GOAL OF THE EXERCISE - Keep only the lines of the data below that contain "definition", and copy them.

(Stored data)

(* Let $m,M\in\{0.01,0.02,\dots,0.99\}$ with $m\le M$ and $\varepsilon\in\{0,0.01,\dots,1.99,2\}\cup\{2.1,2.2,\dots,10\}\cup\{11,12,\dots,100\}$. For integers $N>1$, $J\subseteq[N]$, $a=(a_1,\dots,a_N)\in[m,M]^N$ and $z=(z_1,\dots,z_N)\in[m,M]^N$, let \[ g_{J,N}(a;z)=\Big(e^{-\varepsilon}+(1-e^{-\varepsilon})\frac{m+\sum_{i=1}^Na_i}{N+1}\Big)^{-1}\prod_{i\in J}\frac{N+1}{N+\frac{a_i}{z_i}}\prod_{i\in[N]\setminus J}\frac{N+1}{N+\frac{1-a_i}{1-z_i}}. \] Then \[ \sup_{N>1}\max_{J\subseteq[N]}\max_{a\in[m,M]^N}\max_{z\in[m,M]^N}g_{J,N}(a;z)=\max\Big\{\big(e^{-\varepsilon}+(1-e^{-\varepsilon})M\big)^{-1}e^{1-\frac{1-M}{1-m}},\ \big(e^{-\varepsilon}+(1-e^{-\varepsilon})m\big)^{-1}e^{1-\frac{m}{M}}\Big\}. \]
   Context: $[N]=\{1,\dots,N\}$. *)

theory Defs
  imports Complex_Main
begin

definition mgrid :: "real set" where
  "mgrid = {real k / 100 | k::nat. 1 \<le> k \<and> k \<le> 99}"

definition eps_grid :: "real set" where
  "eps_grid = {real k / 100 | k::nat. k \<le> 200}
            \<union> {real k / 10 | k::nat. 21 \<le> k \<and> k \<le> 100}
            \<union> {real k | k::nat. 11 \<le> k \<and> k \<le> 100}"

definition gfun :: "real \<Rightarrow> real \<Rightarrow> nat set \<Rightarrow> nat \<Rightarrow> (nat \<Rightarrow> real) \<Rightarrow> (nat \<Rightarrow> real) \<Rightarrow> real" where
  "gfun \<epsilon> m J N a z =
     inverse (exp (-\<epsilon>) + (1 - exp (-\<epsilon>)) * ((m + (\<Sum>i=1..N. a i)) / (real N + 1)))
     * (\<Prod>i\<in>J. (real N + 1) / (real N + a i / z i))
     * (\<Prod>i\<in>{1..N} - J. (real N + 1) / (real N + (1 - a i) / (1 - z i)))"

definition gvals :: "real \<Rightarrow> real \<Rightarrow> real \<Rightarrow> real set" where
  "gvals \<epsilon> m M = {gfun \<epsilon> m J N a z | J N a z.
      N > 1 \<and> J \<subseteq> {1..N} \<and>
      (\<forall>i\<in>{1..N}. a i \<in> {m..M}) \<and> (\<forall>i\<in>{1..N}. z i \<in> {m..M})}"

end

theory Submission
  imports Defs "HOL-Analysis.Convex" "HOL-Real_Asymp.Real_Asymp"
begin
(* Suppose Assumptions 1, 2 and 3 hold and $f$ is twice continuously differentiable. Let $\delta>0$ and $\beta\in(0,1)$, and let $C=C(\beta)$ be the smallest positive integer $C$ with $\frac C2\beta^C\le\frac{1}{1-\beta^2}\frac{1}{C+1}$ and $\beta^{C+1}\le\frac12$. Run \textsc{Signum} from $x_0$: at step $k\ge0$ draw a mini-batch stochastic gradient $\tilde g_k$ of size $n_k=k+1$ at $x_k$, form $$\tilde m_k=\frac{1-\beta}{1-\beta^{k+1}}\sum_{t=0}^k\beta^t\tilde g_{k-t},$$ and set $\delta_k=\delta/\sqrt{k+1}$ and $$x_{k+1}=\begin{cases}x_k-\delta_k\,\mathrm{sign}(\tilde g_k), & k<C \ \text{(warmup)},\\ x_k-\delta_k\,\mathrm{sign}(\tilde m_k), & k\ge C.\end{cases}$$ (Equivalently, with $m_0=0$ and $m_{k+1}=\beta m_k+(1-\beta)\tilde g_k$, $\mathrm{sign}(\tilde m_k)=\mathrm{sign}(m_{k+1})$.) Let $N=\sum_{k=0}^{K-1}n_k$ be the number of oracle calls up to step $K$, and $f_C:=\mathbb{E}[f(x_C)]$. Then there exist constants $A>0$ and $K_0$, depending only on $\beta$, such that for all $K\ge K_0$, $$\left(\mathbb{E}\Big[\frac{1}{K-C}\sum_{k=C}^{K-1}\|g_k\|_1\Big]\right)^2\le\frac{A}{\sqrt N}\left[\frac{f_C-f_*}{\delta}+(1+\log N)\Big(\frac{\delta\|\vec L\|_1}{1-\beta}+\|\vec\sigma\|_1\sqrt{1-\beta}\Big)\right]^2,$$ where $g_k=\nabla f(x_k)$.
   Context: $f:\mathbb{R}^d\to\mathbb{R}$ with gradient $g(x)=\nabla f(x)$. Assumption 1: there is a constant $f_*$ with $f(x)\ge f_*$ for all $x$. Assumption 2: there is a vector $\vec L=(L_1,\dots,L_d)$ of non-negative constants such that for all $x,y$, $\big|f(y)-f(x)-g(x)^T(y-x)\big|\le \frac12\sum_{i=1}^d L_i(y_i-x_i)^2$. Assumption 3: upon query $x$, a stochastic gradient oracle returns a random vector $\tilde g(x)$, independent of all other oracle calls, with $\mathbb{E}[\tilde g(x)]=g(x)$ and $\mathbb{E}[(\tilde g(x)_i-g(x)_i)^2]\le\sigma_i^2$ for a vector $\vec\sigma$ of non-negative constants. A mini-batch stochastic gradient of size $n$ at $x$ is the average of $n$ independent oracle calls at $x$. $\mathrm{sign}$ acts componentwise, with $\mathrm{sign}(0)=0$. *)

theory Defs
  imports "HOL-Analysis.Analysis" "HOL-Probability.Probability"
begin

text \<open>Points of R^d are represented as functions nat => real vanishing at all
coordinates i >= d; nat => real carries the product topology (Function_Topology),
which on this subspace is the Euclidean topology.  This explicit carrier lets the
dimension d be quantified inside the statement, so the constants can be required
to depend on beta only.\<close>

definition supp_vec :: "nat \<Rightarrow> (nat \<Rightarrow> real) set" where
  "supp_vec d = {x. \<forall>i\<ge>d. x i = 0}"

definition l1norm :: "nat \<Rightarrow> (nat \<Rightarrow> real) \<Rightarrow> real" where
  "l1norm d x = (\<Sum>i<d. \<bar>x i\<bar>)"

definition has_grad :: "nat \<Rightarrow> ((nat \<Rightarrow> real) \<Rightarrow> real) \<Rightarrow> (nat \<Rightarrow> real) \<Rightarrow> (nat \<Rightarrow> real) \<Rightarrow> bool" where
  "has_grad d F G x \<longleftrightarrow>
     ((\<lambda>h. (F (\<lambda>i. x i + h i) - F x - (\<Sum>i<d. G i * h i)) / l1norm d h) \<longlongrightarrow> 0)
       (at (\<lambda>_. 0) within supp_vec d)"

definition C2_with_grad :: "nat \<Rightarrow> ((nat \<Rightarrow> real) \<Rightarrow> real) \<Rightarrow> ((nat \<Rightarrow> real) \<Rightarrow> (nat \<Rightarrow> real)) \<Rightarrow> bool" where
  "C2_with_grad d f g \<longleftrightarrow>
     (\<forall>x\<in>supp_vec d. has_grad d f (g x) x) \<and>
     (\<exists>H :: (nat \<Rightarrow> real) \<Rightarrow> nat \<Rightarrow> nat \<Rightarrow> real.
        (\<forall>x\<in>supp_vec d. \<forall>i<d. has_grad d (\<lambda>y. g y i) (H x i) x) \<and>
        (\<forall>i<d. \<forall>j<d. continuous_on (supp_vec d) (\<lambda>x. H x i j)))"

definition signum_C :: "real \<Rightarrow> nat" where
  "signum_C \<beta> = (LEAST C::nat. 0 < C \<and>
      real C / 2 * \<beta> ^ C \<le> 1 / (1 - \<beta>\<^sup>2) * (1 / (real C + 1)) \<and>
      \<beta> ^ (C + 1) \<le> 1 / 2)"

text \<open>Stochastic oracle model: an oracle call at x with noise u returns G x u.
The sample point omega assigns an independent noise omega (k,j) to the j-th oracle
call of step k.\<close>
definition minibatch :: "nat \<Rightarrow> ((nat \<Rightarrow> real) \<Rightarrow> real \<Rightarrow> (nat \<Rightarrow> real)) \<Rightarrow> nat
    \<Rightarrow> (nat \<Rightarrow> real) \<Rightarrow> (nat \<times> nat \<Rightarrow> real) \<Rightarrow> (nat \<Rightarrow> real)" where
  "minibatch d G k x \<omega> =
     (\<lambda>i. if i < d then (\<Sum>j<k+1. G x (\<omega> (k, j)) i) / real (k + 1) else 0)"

SOLUTION FOR THIS TASK -
definition mgrid :: "real set" where
definition eps_grid :: "real set" where
definition gfun :: "real \<Rightarrow> real \<Rightarrow> nat set \<Rightarrow> nat \<Rightarrow> (nat \<Rightarrow> real) \<Rightarrow> (nat \<Rightarrow> real) \<Rightarrow> real" where
definition gvals :: "real \<Rightarrow> real \<Rightarrow> real \<Rightarrow> real set" where
definition supp_vec :: "nat \<Rightarrow> (nat \<Rightarrow> real) set" where
definition l1norm :: "nat \<Rightarrow> (nat \<Rightarrow> real) \<Rightarrow> real" where
definition has_grad :: "nat \<Rightarrow> ((nat \<Rightarrow> real) \<Rightarrow> real) \<Rightarrow> (nat \<Rightarrow> real) \<Rightarrow> (nat \<Rightarrow> real) \<Rightarrow> bool" where
definition C2_with_grad :: "nat \<Rightarrow> ((nat \<Rightarrow> real) \<Rightarrow> real) \<Rightarrow> ((nat \<Rightarrow> real) \<Rightarrow> (nat \<Rightarrow> real)) \<Rightarrow> bool" where
definition signum_C :: "real \<Rightarrow> nat" where
definition minibatch :: "nat \<Rightarrow> ((nat \<Rightarrow> real) \<Rightarrow> real \<Rightarrow> (nat \<Rightarrow> real)) \<Rightarrow> nat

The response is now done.